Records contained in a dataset
>>>>>

lemma trace_det_mixture:
  fixes beta sig lam psi c :: real
  assumes a: "1 + lam * sig * psi \<noteq> 0"
  defines "M \<equiv> c *\<^sub>R A_P beta sig lam psi + (1 - c) *\<^sub>R A_Z beta sig lam - mat 1"
    and "s \<equiv> c / (1 + lam * sig * psi) + (1 - c)"
  shows "trace M = s * (1 + beta + lam * sig) - 2"
    and "det M = 1 - s * (1 + lam * sig)"
proof -
  define k where "k = c * sig * psi / (1 + lam * sig * psi)"
  have entries: "M$1$1 = s - 1" "M$2$2 = (beta + lam * sig) * s - 1" "M$2$1 = lam * s"
    "M$1$2 = sig * s - beta * k"
    unfolding M_def s_def k_def A_P_def A_Z_def mat2_def
    by (simp_all add: mat_def algebra_simps add_divide_distrib diff_divide_distrib)
  have "lam * k = 1 - s"
    unfolding s_def k_def using a by (simp add: field_simps)
  have "M$1$2 * M$2$1 = s * (lam * sig * s - beta * (lam * k))"
    unfolding entries by (simp add: algebra_simps)
  also have "\<dots> = s * (lam * sig * s - beta * (1 - s))"
    unfolding \<open>lam * k = 1 - s\<close> ..
  finally have off_diagonal: "M$1$2 * M$2$1 = s * (lam * sig * s - beta * (1 - s))" .
  show "det M = 1 - s * (1 + lam * sig)"
    unfolding det_2 off_diagonal entries(1,2) by (simp add: algebra_simps)
  show "trace M = s * (1 + beta + lam * sig) - 2"
    unfolding trace_2 entries by (simp add: algebra_simps)
qed
(* Consider the subclass of SCMs in $\mathcal{M}$ that have a set of endogenous variables $Z$ such that $Y\perp\!\!\!\perp\{D,\Theta\}\mid X,Z$ and for which $\mathbb{P}(X,Z\mid\mathrm{do}(D=d,\Theta=\theta))\ll\mathbb{P}(X,Z\mid\mathrm{do}(D=d',\Theta=\theta'))$ for all $d,d',\theta,\theta'$. In this subclass: (T1) The deployment effect $\tau(\theta)$ is identifiable from $\{\mathbb{P}(X,Y,Z\mid\mathrm{do}(D=0)),\ \mathbb{P}(X,Z\mid\mathrm{do}(D=1,\Theta=\theta))\}$ via $$\tau(\theta)=\mathbb{E}\big[\mathbb{E}[Y\mid X,Z,\mathrm{do}(D=0)]\,\big|\,\mathrm{do}(D=1,\Theta=\theta)\big]-\mathbb{E}[Y\mid\mathrm{do}(D=0)],$$ and from $\{\mathbb{P}(X,Y,Z\mid\mathrm{do}(D=1,\Theta=\theta)),\ \mathbb{P}(X,Z\mid\mathrm{do}(D=0))\}$ via $$\tau(\theta)=\mathbb{E}[Y\mid\mathrm{do}(D=1,\Theta=\theta)]-\mathbb{E}\big[\mathbb{E}[Y\mid X,Z,\mathrm{do}(D=1,\Theta=\theta)]\,\big|\,\mathrm{do}(D=0)\big].$$ (T2) The retraining effect $\rho(\theta_{t+1},\theta_t)$ is identifiable from $\{\mathbb{P}(X,Y,Z\mid\mathrm{do}(D=1,\Theta=\theta_t)),\ \mathbb{P}(X,Z\mid\mathrm{do}(D=1,\Theta=\theta_{t+1}))\}$ via $$\rho(\theta_{t+1},\theta_t)=\mathbb{E}\big[\mathbb{E}[Y\mid X,Z,\mathrm{do}(D=1,\Theta=\theta_t)]\,\big|\,\mathrm{do}(D=1,\Theta=\theta_{t+1})\big]-\mathbb{E}[Y\mid\mathrm{do}(D=1,\Theta=\theta_t)].$$ (T3) The baseline predictor $\mathbb{E}[Y\mid X,\mathrm{do}(D=0)]$ is identifiable from $\{\mathbb{P}(X,Y,Z\mid\mathrm{do}(D=1,\Theta=\theta)),\ \mathbb{P}(X,Z\mid\mathrm{do}(D=0))\}$ via $$\mathbb{E}[Y\mid X,\mathrm{do}(D=0)]=\mathbb{E}\big[\mathbb{E}[Y\mid X,Z,\mathrm{do}(D=1,\Theta=\theta)]\,\big|\,X,\mathrm{do}(D=0)\big].$$
   Context: Setting: all variables take values in subsets of Euclidean spaces with Borel $\sigma$-algebras. Variables: features $X$ (possibly multidimensional), target $Y$ (real-valued), prediction $\hat{Y}$, and two input (non-random, externally set) variables: a domain indicator $D\in\{0,1\}$ ($D=0$: the decision support system is not deployed; $D=1$: it is deployed) and parameters $\Theta$. A structural causal model (SCM) with input variables $\{D,\Theta\}$ induces, for every value $(d,\theta)$, a distribution $\mathbb{P}(\cdot\mid\mathrm{do}(D=d,\Theta=\theta))$ on the endogenous variables, the push-forward of the independent exogenous distributions through the structural equations; $\mathbb{P}(\cdot\mid\mathrm{do}(D=0))$ denotes this distribution with $D=0$. The class $\mathcal{M}$: the set of SCMs with endogenous variables $V\supseteq\{X,\hat{Y},Y\}$, input variables $\{D,\Theta\}$, and graph $G$ such that the parents of $\hat{Y}$ are exactly $\{X,\Theta\}$, the children of $D$ equal the children of $\hat{Y}$, and the latent projection of $G$ onto $\{X,\hat{Y},Y,D,\Theta\}$ is a subgraph of the acyclic directed mixed graph with edges $X\to\hat{Y}$, $\Theta\to\hat{Y}$, $X\to Y$, $\hat{Y}\to Y$, $D\to Y$, $X\leftrightarrow Y$. Identifiability: a target quantity $t(M)$ is identifiable in a class from a set $s(M)$ of distributions induced by $M$ if $s(M_1)=s(M_2)\implies t(M_1)=t(M_2)$ for all $M_1,M_2$ in the class. Deployment effect: $\tau(\theta):=\mathbb{E}[Y\mid\mathrm{do}(D=1,\Theta=\theta)]-\mathbb{E}[Y\mid\mathrm{do}(D=0)]$. Retraining effect: $\rho(\theta_{t+1},\theta_t):=\mathbb{E}[Y\mid\mathrm{do}(D=1,\Theta=\theta_{t+1})]-\mathbb{E}[Y\mid\mathrm{do}(D=1,\Theta=\theta_t)]$. Baseline predictor: $\mathbb{E}[Y\mid X,\mathrm{do}(D=0)]$. The conditional independence $Y\perp\!\!\!\perp\{D,\Theta\}\mid X,Z$ between a random variable and input variables is meant in the transitional sense (e.g. implied by d-separation in the graph). $\ll$ denotes absolute continuity. *)

theory Defs
  imports "HOL-Probability.Probability"
begin
text \<open>If the arc starts and ends on the same side, the other side meets it only away from the
  ends of the ear; otherwise the arc switches sides exactly once, at \<open>a\<close> or \<open>b\<close>.\<close>

lemma ear_resplit:
  assumes P: "is_path dir ends C' a b pvs pes" and split: "splits_at ends (range Ed) a b X Y"
    and k: "0 < k" "k < n" and start: "V q \<in> set pvs"
    and Q: "Q \<subseteq> set pes" "Q \<inter> range Ed = {}" "verts ends Q \<inter> verts ends (range Ed) \<subseteq> {V q, V (q + int k)}"
    and first: "Ed q \<in> X"
  obtains a' b' pvs' pes' X' Y' where "is_path dir ends C' a' b' pvs' pes'" "set pes' \<subseteq> set pes"
    "length pes' < length pes \<or> pes' = pes \<and> {a', b'} = {a, b}"
    "splits_at ends (arc Ed q k \<union> Q) a' b' X' Y'" "X' \<subseteq> set pes \<union> X" "Y' \<subseteq> set pes \<union> Y"
proof -
  have XY: "range Ed = X \<union> Y" "X \<inter> Y = {}" "verts ends X \<inter> verts ends Y \<subseteq> {a, b}"
    using split by (auto simp: splits_at_def)
  have arc_sides: "arc Ed q k \<subseteq> X \<union> Y" using XY(1) arc_subset_range[of Ed q k] by blast
  then consider (same) "Ed (q + int (k - 1)) \<in> X" | (switch) "Ed (q + int (k - 1)) \<in> Y"
    using arc_last[OF k(1), of Ed q] by blast
  then show thesis
  proof cases
    case same
    have "splits_at ends (arc Ed q k \<union> Q) a b (arc Ed q k \<inter> Y) (arc Ed q k \<inter> X \<union> Q)"
      by (rule splits_at_ear_same_side[OF k splits_at_sym[OF split] Q(2,3) first same])
    then show thesis using Q(1) by (intro that[OF P subset_refl _ splits_at_sym]) auto
  next
    case switch
    obtain t where t: "0 < t" "t < k" "V (q + int t) \<in> {a, b}"
      and sides: "arc Ed q t \<subseteq> X" "arc Ed (q + int t) (k - t) \<subseteq> Y"
      using arc_switches_once[OF k arc_sides XY(2,3) first switch] by blast
    obtain a' b' pvs' pes' where sub: "is_path dir ends C' a' b' pvs' pes'" "{a', b'} = {V q, V (q + int t)}"
      "set pes' \<subseteq> set pes" "length pes' < length pes \<or> pes' = pes \<and> {a', b'} = {a, b}"
    proof (cases "V q \<in> {a, b}")
      case True
      moreover have "V (q + int t) \<noteq> V q" using t k by (simp add: V_nat_eq_base_iff)
      ultimately have "{a, b} = {V q, V (q + int t)}" using t(3) by auto
      then show thesis using that[OF P] by simp
    next
      case False
      obtain a' b' pvs' pes' where "is_path dir ends C' a' b' pvs' pes'" "{a', b'} = {V q, V (q + int t)}"
        "set pes' \<subseteq> set pes" "length pes' < length pes"
        by (rule path_obtain_subpath_to_end[OF P start False t(3)])
      from this(1-3) this(4)[THEN disjI1] show thesis by (rule that)
    qed
    have "splits_at ends (arc Ed q k \<union> Q) a' b' (arc Ed q t) (arc Ed (q + int t) (k - t) \<union> Q)"
      using splits_at_ear_switch[OF t(1,2) k(2) Q(2,3)] unfolding splits_at_cong[OF sub(2)] .
    with sub sides Q(1) show thesis by (intro that) auto
  qed
qed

<<<<<

Brief » Every line above that includes the string "intro" needs to be copied.

Written solution »
    then show thesis using Q(1) by (intro that[OF P subset_refl _ splits_at_sym]) auto
    with sub sides Q(1) show thesis by (intro that) auto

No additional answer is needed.